→ **Work required**: Could you reproduce, word for word, everything below from the line containing "(\<forall>p\<in>P. \<forall>q\<in>P. \<forall>r\<in>P." down to the line containing "P \<subseteq> Q", with both of those lines included and no others?

→ **Extracted information**:
+ + + +
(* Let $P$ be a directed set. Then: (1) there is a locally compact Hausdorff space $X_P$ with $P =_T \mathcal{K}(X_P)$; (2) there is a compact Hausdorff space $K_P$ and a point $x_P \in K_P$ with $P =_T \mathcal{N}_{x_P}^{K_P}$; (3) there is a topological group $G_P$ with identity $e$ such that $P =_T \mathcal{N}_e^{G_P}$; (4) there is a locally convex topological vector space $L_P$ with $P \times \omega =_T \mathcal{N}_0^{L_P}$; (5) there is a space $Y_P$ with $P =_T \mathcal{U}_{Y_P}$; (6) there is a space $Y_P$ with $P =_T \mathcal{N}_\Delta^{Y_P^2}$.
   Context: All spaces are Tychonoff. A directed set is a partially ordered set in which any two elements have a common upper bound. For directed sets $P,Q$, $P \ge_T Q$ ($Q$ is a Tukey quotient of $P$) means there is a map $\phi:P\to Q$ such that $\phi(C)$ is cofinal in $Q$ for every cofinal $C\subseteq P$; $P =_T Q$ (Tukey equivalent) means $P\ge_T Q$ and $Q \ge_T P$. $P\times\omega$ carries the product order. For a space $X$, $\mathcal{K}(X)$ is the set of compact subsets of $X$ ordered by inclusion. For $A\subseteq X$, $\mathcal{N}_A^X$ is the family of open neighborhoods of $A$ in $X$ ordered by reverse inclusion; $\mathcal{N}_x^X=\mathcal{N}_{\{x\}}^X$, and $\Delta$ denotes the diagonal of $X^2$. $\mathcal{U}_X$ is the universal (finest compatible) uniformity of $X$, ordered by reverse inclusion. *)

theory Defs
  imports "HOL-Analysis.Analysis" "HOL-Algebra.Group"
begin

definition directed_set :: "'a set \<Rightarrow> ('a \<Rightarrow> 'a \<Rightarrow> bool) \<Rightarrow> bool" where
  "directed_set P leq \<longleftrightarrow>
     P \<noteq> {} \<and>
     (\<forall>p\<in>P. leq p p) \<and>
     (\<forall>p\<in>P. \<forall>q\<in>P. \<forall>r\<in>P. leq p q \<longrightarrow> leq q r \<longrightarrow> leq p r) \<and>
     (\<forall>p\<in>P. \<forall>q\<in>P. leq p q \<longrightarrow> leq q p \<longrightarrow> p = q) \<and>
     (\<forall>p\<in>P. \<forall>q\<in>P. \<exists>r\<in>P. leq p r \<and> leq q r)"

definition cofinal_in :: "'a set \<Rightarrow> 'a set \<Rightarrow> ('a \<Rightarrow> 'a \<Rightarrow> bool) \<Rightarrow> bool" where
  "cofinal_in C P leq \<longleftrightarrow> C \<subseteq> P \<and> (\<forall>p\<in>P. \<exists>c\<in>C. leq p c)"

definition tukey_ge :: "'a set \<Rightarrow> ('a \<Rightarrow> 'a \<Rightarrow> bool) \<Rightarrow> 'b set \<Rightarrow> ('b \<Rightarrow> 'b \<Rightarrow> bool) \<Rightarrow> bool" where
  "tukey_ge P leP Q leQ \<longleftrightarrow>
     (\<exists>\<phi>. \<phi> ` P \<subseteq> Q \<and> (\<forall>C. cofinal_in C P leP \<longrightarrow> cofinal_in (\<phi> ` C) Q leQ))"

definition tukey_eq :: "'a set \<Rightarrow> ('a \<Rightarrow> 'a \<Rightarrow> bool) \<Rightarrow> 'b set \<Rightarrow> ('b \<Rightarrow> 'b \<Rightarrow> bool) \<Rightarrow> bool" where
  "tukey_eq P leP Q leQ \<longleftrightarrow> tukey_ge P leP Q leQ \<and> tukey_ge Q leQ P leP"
+ + + +
→ **Task result**:
     (\<forall>p\<in>P. \<forall>q\<in>P. \<forall>r\<in>P. leq p q \<longrightarrow> leq q r \<longrightarrow> leq p r) \<and>
     (\<forall>p\<in>P. \<forall>q\<in>P. leq p q \<longrightarrow> leq q p \<longrightarrow> p = q) \<and>
     (\<forall>p\<in>P. \<forall>q\<in>P. \<exists>r\<in>P. leq p r \<and> leq q r)"

definition cofinal_in :: "'a set \<Rightarrow> 'a set \<Rightarrow> ('a \<Rightarrow> 'a \<Rightarrow> bool) \<Rightarrow> bool" where
  "cofinal_in C P leq \<longleftrightarrow> C \<subseteq> P \<and> (\<forall>p\<in>P. \<exists>c\<in>C. leq p c)"

definition tukey_ge :: "'a set \<Rightarrow> ('a \<Rightarrow> 'a \<Rightarrow> bool) \<Rightarrow> 'b set \<Rightarrow> ('b \<Rightarrow> 'b \<Rightarrow> bool) \<Rightarrow> bool" where
  "tukey_ge P leP Q leQ \<longleftrightarrow>
     (\<exists>\<phi>. \<phi> ` P \<subseteq> Q \<and> (\<forall>C. cofinal_in C P leP \<longrightarrow> cofinal_in (\<phi> ` C) Q leQ))"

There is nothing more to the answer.